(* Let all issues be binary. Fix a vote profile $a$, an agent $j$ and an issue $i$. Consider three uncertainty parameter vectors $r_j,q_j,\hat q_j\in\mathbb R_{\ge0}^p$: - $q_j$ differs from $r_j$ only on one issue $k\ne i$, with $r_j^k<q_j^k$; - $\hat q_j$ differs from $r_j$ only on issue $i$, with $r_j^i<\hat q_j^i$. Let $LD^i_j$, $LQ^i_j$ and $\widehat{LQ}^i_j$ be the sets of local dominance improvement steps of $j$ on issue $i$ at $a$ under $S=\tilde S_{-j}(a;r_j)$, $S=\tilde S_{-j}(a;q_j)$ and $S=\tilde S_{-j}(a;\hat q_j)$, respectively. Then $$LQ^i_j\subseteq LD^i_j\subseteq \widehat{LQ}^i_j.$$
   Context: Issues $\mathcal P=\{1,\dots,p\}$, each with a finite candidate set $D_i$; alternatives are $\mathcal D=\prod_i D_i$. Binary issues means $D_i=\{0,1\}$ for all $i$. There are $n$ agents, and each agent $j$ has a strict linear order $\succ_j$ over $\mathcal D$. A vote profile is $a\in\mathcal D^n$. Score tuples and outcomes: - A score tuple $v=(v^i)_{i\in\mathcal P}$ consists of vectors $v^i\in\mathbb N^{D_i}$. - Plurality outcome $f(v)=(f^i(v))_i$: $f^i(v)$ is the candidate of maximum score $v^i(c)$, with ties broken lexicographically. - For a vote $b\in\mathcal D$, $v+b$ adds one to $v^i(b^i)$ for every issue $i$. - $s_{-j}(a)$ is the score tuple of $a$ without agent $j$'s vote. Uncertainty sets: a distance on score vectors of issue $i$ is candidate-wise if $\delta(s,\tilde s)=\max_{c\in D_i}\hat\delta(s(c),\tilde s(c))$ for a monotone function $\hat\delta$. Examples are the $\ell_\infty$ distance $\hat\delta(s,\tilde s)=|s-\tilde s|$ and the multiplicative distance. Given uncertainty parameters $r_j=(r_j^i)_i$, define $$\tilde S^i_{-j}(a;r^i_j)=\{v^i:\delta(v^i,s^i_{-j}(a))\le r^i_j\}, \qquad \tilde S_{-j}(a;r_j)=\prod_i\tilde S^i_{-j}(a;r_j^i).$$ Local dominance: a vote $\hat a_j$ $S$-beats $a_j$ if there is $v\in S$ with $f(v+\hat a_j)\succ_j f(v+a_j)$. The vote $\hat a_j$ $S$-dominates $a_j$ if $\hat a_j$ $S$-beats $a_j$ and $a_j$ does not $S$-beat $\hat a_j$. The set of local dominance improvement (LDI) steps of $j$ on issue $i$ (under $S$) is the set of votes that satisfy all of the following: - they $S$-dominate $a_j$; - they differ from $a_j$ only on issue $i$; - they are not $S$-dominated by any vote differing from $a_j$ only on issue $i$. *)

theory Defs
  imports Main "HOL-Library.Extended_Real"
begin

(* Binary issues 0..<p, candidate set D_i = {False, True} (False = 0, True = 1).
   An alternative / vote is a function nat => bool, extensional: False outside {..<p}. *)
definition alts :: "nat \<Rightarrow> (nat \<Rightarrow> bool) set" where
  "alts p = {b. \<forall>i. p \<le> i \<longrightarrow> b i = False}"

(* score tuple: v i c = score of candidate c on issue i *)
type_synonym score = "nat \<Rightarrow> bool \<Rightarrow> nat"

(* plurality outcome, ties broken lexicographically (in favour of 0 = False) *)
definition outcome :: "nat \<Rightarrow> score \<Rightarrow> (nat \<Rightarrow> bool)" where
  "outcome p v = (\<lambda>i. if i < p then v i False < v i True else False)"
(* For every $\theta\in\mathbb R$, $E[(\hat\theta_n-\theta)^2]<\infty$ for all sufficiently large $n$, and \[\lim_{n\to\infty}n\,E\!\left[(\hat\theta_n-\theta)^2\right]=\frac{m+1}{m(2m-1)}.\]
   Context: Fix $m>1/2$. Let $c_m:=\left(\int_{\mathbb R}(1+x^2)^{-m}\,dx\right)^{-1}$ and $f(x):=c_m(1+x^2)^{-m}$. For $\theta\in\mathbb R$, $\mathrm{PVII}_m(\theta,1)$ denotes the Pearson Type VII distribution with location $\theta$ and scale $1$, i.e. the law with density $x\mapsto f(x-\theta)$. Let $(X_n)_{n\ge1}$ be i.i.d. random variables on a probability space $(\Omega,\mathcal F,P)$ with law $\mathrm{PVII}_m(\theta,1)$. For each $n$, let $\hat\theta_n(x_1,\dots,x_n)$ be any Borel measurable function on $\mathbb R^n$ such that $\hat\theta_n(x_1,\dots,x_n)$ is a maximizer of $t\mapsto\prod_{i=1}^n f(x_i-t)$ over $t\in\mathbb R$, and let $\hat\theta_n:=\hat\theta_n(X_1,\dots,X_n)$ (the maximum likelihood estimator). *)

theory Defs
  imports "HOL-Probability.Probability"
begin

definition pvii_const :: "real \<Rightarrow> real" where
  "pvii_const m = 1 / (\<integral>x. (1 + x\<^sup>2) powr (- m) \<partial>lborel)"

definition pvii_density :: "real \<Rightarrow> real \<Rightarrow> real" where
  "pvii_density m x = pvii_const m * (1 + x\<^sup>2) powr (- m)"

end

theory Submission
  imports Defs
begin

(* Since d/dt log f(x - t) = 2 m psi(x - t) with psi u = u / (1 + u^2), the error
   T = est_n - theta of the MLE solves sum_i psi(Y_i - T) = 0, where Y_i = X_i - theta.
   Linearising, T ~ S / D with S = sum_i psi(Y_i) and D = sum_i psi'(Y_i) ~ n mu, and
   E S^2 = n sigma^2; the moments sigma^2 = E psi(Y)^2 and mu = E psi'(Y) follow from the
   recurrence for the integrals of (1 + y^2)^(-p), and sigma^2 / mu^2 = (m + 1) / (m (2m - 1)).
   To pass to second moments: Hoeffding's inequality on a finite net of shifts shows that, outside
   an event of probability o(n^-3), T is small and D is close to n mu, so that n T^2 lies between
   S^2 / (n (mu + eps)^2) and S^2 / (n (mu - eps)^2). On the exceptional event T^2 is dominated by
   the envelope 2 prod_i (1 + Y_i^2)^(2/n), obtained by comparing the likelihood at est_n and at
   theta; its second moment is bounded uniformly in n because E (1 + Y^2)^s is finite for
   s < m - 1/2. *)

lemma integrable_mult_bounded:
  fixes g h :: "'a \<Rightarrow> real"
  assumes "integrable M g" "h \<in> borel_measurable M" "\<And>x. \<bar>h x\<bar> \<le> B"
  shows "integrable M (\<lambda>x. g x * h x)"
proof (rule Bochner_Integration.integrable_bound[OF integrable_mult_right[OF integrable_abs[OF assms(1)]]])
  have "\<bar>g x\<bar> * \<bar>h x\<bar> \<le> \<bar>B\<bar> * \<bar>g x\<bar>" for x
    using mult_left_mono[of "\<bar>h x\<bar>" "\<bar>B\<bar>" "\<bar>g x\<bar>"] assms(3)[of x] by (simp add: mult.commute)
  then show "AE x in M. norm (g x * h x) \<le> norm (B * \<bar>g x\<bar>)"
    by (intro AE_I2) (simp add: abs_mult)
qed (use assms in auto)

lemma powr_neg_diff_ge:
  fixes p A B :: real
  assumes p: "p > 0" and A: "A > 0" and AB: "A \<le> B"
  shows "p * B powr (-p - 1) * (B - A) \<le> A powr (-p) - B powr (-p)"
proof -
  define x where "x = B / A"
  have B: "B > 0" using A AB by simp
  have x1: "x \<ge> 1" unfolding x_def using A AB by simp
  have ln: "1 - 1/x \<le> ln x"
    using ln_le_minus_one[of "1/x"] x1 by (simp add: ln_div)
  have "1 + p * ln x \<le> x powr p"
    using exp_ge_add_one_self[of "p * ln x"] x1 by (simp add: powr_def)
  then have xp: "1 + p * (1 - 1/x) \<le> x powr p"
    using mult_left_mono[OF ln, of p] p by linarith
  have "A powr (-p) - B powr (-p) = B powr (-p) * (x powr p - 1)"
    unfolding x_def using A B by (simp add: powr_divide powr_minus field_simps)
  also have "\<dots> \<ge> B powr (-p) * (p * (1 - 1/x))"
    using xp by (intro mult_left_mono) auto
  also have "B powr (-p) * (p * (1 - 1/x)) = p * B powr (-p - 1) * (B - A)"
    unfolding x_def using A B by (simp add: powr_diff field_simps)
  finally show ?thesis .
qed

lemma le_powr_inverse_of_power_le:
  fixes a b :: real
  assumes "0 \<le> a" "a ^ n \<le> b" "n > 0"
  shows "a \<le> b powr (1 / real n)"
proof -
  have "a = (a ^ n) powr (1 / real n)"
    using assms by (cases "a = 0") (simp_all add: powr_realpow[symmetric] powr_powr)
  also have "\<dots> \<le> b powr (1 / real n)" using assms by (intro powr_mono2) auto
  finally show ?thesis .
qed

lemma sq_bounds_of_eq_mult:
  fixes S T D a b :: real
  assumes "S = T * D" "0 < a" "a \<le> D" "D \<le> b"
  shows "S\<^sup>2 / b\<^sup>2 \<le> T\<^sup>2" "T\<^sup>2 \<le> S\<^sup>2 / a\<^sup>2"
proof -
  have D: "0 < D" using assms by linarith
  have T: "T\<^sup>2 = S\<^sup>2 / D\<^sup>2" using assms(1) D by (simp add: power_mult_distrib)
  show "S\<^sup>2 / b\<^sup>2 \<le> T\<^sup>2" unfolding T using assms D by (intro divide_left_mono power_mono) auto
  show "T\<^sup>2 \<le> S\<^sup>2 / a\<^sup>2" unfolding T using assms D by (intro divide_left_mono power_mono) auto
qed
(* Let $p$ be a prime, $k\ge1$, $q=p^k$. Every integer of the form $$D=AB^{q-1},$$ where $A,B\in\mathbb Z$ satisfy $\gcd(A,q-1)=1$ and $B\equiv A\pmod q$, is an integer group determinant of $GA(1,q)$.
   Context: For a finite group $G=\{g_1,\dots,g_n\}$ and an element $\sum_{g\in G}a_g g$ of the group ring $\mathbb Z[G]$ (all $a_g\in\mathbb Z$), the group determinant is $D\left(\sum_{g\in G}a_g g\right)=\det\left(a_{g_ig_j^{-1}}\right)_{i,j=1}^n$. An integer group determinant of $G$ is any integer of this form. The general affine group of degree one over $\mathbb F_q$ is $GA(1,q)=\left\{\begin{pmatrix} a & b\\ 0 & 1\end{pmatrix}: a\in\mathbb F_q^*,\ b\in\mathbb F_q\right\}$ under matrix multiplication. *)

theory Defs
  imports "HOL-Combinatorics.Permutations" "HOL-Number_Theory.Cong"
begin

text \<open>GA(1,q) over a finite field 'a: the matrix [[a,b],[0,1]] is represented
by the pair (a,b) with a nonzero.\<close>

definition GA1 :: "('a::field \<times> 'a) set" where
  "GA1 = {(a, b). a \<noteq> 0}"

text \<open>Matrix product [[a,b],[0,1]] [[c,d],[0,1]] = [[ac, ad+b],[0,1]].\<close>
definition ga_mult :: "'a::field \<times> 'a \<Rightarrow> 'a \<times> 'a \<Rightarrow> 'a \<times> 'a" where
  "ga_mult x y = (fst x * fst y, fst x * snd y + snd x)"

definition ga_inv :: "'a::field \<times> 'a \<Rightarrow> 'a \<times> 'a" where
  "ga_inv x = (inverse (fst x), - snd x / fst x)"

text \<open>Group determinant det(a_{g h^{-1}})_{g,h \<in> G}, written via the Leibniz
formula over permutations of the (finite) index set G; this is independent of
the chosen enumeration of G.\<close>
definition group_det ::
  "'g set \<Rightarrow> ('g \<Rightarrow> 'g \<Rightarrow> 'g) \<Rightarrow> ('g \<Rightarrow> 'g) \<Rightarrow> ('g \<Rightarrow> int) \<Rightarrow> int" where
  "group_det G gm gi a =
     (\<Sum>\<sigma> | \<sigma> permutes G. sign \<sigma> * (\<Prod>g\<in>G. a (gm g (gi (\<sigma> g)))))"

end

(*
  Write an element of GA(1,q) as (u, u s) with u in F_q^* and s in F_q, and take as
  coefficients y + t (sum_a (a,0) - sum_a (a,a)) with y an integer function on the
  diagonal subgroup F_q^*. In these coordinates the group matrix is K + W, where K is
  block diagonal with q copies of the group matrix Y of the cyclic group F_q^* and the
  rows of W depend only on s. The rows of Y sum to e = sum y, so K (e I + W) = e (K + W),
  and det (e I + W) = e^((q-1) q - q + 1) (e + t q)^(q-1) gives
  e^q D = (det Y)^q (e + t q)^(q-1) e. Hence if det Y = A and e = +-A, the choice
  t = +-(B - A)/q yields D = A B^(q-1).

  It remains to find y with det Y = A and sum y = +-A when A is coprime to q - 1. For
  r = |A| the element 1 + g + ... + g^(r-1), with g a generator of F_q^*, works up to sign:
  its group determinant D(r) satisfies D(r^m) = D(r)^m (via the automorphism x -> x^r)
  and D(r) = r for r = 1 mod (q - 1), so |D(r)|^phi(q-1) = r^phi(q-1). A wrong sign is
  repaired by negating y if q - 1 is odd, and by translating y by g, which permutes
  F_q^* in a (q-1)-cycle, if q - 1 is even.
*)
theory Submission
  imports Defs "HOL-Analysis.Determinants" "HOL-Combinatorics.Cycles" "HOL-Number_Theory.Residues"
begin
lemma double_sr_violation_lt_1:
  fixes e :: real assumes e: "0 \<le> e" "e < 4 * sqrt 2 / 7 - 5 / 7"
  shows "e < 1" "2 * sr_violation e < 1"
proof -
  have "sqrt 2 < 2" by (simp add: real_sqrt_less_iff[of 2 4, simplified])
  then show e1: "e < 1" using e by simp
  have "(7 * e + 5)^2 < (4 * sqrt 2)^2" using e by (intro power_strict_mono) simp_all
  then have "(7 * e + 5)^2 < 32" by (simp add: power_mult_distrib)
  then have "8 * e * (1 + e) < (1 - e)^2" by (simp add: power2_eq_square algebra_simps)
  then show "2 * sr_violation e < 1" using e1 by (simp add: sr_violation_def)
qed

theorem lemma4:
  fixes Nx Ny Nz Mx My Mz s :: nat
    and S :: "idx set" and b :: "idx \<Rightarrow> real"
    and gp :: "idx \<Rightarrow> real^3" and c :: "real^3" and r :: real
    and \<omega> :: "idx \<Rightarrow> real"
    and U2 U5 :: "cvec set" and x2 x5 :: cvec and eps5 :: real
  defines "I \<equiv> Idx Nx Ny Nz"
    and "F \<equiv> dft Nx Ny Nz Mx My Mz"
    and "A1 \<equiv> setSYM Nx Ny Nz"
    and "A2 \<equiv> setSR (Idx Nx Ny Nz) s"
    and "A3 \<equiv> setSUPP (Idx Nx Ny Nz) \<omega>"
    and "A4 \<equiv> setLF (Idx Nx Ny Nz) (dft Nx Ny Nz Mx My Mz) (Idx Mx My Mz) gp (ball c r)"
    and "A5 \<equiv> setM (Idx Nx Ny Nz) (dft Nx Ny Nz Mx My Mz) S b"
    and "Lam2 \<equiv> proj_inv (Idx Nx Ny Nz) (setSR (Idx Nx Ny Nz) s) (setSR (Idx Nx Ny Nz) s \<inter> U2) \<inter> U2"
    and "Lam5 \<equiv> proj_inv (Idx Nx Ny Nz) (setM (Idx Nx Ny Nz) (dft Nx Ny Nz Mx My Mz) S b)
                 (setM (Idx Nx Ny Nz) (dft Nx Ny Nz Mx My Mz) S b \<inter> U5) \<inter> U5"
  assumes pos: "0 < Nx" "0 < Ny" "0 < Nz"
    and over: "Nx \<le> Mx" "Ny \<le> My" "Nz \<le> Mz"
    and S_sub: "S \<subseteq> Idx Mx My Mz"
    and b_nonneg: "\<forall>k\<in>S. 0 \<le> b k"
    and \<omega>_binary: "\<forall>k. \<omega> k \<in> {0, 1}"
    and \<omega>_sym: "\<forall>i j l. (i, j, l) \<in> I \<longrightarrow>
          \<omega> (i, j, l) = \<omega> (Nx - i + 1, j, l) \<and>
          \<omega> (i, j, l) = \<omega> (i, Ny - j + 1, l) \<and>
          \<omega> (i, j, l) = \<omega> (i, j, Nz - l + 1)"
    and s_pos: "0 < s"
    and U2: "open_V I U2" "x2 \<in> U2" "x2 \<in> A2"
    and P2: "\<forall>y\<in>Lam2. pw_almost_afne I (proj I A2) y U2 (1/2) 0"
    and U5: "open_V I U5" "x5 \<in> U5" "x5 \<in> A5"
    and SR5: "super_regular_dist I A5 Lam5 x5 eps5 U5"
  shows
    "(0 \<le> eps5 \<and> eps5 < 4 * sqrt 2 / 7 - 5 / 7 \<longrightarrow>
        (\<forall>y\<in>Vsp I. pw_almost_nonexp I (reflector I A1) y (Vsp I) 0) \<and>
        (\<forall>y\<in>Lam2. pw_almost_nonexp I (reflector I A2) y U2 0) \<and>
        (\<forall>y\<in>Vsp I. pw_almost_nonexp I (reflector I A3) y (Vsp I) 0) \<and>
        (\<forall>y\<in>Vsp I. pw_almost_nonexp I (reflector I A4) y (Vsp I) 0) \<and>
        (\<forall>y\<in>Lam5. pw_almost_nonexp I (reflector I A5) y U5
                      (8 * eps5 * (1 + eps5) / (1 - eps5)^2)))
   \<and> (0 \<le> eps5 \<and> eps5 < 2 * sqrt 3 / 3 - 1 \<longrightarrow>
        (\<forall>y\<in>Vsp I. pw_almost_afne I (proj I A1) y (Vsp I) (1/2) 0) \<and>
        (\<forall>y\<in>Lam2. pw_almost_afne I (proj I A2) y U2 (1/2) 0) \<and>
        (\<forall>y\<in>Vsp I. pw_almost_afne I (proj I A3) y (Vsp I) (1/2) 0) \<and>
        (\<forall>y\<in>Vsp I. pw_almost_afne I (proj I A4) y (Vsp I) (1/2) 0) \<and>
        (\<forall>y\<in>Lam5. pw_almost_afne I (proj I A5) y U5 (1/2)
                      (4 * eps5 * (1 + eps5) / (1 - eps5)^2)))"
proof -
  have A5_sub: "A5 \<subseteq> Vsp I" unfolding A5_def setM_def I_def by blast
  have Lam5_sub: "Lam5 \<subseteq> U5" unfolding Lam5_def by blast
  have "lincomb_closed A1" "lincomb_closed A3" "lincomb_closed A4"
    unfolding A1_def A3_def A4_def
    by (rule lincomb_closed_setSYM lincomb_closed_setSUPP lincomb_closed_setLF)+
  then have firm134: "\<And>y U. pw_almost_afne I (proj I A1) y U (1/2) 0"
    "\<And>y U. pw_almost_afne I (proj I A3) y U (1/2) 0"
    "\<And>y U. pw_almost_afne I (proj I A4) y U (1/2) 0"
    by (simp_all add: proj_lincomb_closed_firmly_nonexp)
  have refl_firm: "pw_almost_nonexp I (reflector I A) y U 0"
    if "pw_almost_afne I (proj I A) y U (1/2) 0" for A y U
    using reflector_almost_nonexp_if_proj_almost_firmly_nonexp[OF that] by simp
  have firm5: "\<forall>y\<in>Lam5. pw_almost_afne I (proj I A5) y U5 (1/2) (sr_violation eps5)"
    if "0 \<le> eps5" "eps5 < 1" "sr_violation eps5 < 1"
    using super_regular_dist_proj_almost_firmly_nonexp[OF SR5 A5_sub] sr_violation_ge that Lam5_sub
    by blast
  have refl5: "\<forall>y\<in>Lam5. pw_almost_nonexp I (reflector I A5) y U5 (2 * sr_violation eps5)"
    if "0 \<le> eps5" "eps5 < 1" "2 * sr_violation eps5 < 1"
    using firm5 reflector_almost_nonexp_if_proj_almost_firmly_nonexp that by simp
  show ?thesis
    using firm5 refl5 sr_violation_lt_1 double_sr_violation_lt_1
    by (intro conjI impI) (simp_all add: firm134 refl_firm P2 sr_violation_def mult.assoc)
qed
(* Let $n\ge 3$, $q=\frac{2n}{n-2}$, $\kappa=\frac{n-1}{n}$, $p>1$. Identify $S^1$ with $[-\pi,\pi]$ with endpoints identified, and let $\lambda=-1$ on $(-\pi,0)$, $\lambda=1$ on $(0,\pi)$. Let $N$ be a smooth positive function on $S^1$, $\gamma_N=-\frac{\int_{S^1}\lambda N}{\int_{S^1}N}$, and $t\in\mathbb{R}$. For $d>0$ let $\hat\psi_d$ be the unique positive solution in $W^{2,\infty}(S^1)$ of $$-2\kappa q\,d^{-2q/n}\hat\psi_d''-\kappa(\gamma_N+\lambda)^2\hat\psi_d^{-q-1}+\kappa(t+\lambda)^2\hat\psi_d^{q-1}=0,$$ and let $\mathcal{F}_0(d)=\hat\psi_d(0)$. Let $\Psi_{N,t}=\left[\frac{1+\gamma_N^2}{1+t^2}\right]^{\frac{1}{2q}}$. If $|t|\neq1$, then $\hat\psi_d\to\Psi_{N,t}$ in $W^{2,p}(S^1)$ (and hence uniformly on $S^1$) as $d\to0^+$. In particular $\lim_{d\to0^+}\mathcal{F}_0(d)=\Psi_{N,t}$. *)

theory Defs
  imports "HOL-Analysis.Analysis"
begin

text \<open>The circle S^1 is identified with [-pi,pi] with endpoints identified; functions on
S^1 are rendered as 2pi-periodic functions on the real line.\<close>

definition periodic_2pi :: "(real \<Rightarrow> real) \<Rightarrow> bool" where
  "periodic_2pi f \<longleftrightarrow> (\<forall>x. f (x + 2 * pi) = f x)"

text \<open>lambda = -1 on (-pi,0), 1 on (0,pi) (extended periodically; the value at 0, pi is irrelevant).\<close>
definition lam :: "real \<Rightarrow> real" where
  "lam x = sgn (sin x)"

□ □ □

Which lines run from the one holding "l) \<in> I \<longrightarrow>" through the one holding "(\<forall>y\<in>Lam2. pw_almost_nonexp I" in the records above? Repeat them exactly, both included, and nothing more.

    and \<omega>_sym: "\<forall>i j l. (i, j, l) \<in> I \<longrightarrow>
          \<omega> (i, j, l) = \<omega> (Nx - i + 1, j, l) \<and>
          \<omega> (i, j, l) = \<omega> (i, Ny - j + 1, l) \<and>
          \<omega> (i, j, l) = \<omega> (i, j, Nz - l + 1)"
    and s_pos: "0 < s"
    and U2: "open_V I U2" "x2 \<in> U2" "x2 \<in> A2"
    and P2: "\<forall>y\<in>Lam2. pw_almost_afne I (proj I A2) y U2 (1/2) 0"
    and U5: "open_V I U5" "x5 \<in> U5" "x5 \<in> A5"
    and SR5: "super_regular_dist I A5 Lam5 x5 eps5 U5"
  shows
    "(0 \<le> eps5 \<and> eps5 < 4 * sqrt 2 / 7 - 5 / 7 \<longrightarrow>
        (\<forall>y\<in>Vsp I. pw_almost_nonexp I (reflector I A1) y (Vsp I) 0) \<and>
        (\<forall>y\<in>Lam2. pw_almost_nonexp I (reflector I A2) y U2 0) \<and>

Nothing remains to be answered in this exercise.